В диэгетическом интервале этой книги, только что пройденном, я попытался показать (сделав это отчасти в эллиптической манере), что в рамках христианской традиции можно говорить о риторике мира (peace), о практике мирной риторики, так как риторика и красота уже рассказаны[890] (narrated) христианской мыслью как мир и повинуются особому пониманию бесконечного: красота предшествует возвышенному, а бесконечность превосходит тотальность. Кроме того, конкретная форма христианской риторики — Христос, высшая риторика Отца, Его Слово — внутри этого христианского нарратива выступает как сама форма и образ мира, бесконечный жест любви, превосходящей любой жест насилия против нее, реальная и видимая красота, чья историческая и эстетическая конкретность и особенность вызывают отклик и зовут к изменению и чье влияние может жить во времени не просто как отрицание, но как практикуемый способ и стиль существования.

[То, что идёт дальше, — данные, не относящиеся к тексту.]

lemma eq_beta_mult_finprod_beta_r:
  assumes b: "b \<in> modB U A"
  shows "b = beta (fst b) \<otimes>\<^bsub>B_grp\<^esub> finprod B_grp (\<lambda>\<sigma>. beta (r \<sigma>) [^]\<^bsub>B_grp\<^esub> snd b \<sigma>) (carrier G)"
proof -
  have a: "fst b \<in> A" and x0: "\<And>\<rho>. \<rho> \<notin> carrier G \<Longrightarrow> snd b \<rho> = 0"
    and xs: "(\<Sum>\<rho>\<in>carrier G. snd b \<rho>) = 0" using b by (auto simp: modB_iff augmentation_ideal_iff)
  have pow: "beta (r \<sigma>) [^]\<^bsub>B_grp\<^esub> k = (\<one>, \<lambda>\<rho>. k * (delta \<sigma> \<rho> - delta A \<rho>))"
    if "\<sigma> \<in> carrier G" for \<sigma> and k :: int
    using that B_int_pow[OF beta_closed[OF r_closed[OF that]]] by (simp add: beta_r)
  have sum: "(\<Sum>\<sigma>\<in>carrier G. snd b \<sigma> * (delta \<sigma> \<rho> - delta A \<rho>)) = snd b \<rho>" for \<rho>
  proof -
    have "(\<Sum>\<sigma>\<in>carrier G. snd b \<sigma> * (delta \<sigma> \<rho> - delta A \<rho>))
        = (\<Sum>\<sigma>\<in>carrier G. snd b \<sigma> * delta \<sigma> \<rho>) - (\<Sum>\<sigma>\<in>carrier G. snd b \<sigma>) * delta A \<rho>"
      by (simp add: right_diff_distrib sum_subtractf sum_distrib_right)
    also have "(\<Sum>\<sigma>\<in>carrier G. snd b \<sigma> * delta \<sigma> \<rho>) = (\<Sum>\<sigma>\<in>carrier G. if \<rho> = \<sigma> then snd b \<sigma> else 0)"
      by (rule sum.cong) (simp_all add: delta_def)
    also have "\<dots> = snd b \<rho>" using finite_G x0 by (simp add: sum.delta)
    finally show ?thesis using xs by simp
  qed
  have "finprod B_grp (\<lambda>\<sigma>. beta (r \<sigma>) [^]\<^bsub>B_grp\<^esub> snd b \<sigma>) (carrier G)
      = (prodA (\<lambda>\<sigma>. fst (beta (r \<sigma>) [^]\<^bsub>B_grp\<^esub> snd b \<sigma>)),
         \<lambda>\<rho>. \<Sum>\<sigma>\<in>carrier G. snd (beta (r \<sigma>) [^]\<^bsub>B_grp\<^esub> snd b \<sigma>) \<rho>)"
    using beta_closed r_closed B.int_pow_closed by (intro finprod_B[OF finite_G]) simp
  also have "prodA (\<lambda>\<sigma>. fst (beta (r \<sigma>) [^]\<^bsub>B_grp\<^esub> snd b \<sigma>)) = \<one>"
    by (rule Ab.finprod_one_eqI) (simp add: pow)
  also have "(\<lambda>\<rho>. \<Sum>\<sigma>\<in>carrier G. snd (beta (r \<sigma>) [^]\<^bsub>B_grp\<^esub> snd b \<sigma>) \<rho>) = snd b"
    using sum by (intro ext) (simp add: pow)
  finally have "finprod B_grp (\<lambda>\<sigma>. beta (r \<sigma>) [^]\<^bsub>B_grp\<^esub> snd b \<sigma>) (carrier G) = (\<one>, snd b)" .
  moreover have "beta (fst b) \<otimes>\<^bsub>B_grp\<^esub> (\<one>, snd b) = b"
    using a A_subset by (cases b) (simp add: beta_A B_grp_simps subsetD)
  ultimately show ?thesis by (simp only:)
qed
lemma segment_seq_NF:
  assumes "non_null_eq_c" "C > 0"
  shows "segment_seq C \<psi> \<in> NF"
proof -
  define L where "L x = kliminf (\<lambda>a. ereal (segment_seq C \<psi> a x))" for x
  have L_pos: "L x = ereal C" if "0 < x" "x \<le> 1" for x
    unfolding L_def by (rule kliminf_eventually_const[of x]) (simp add: segment_seq_pos_eq that)
  have AE_L: "AE x in I01. L x = ereal C"
    using AE_I01_pos by eventually_elim (simp add: L_pos)
  have L_measurable: "(\<lambda>x. real_of_ereal (L x)) \<in> borel_measurable I01"
  proof (subst measurable_cong)
    show "real_of_ereal (L x) = C + (real_of_ereal (L 0) - C) * indicator {0} x" if "x \<in> space I01" for x
      using L_pos that by (auto simp: indicator_def)
    show "(\<lambda>x. C + (real_of_ereal (L 0) - C) * indicator {0} x) \<in> borel_measurable I01"
      by (intro borel_measurable_add borel_measurable_times borel_measurable_const
          borel_measurable_indicator sets_I01_null) auto
  qed
  have AE_real_L: "AE x in I01. C = real_of_ereal (L x)"
    using AE_L by eventually_elim simp
  have L_integrable: "integrable I01 (\<lambda>x. real_of_ereal (L x))"
    by (rule integrable_cong_AE_imp[OF integrable_I01_const L_measurable AE_real_L])
  have kliminf_integrals: "kliminf (\<lambda>a. enn2ereal (\<integral>\<^sup>+ x. ennreal (segment_seq C \<psi> a x) \<partial>I01)) = 0"
    by (rule kliminf_eventually_const[of 0]) (simp add: nn_integral_segment_seq[OF assms(1)] zero_ennreal.rep_eq)
  have "(\<integral>x. real_of_ereal (L x) \<partial>I01) = (\<integral>x. C \<partial>I01)"
    using AE_real_L by (intro integral_cong_AE L_measurable) auto
  then have integral_L_gt: "ereal (\<integral>x. real_of_ereal (L x) \<partial>I01) >
      kliminf (\<lambda>a. enn2ereal (\<integral>\<^sup>+ x. ennreal (segment_seq C \<psi> a x) \<partial>I01))"
    unfolding kliminf_integrals using assms(2) by (simp add: measure_I01)
  have AE_L_finite: "AE x in I01. \<bar>L x\<bar> \<noteq> \<infinity>"
    using AE_L by eventually_elim simp
  have AE_nonneg: "AE x in I01. 0 \<le> segment_seq C \<psi> a x" for a
    using AE_segment_seq_eq_0[OF assms(1), of C \<psi> a] by eventually_elim simp
  show ?thesis
    unfolding NF_def Let_def
    using AE_L_finite L_integrable integral_L_gt unfolding L_def
    by (intro CollectI conjI allI segment_seq_KSeq segment_seq_measurable[OF assms(1)] AE_nonneg)
      assumption+
qed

Христос, поскольку Он — не прекрасная душа, не уходящая и гибнущая красота — предлагает — в себе самом — мир, вступающий в историю всегда как риторика, как убеждение, как дар, который и может быть принят только как дар. Но если так, то способно ли убеждение быть когда–либо всецело мирным? Провозгласить христианский нарратив можно, но приведет ли он к таким действиям, какие он, как кажется, обещает? Может ли быть дарован подобный дар в действительности?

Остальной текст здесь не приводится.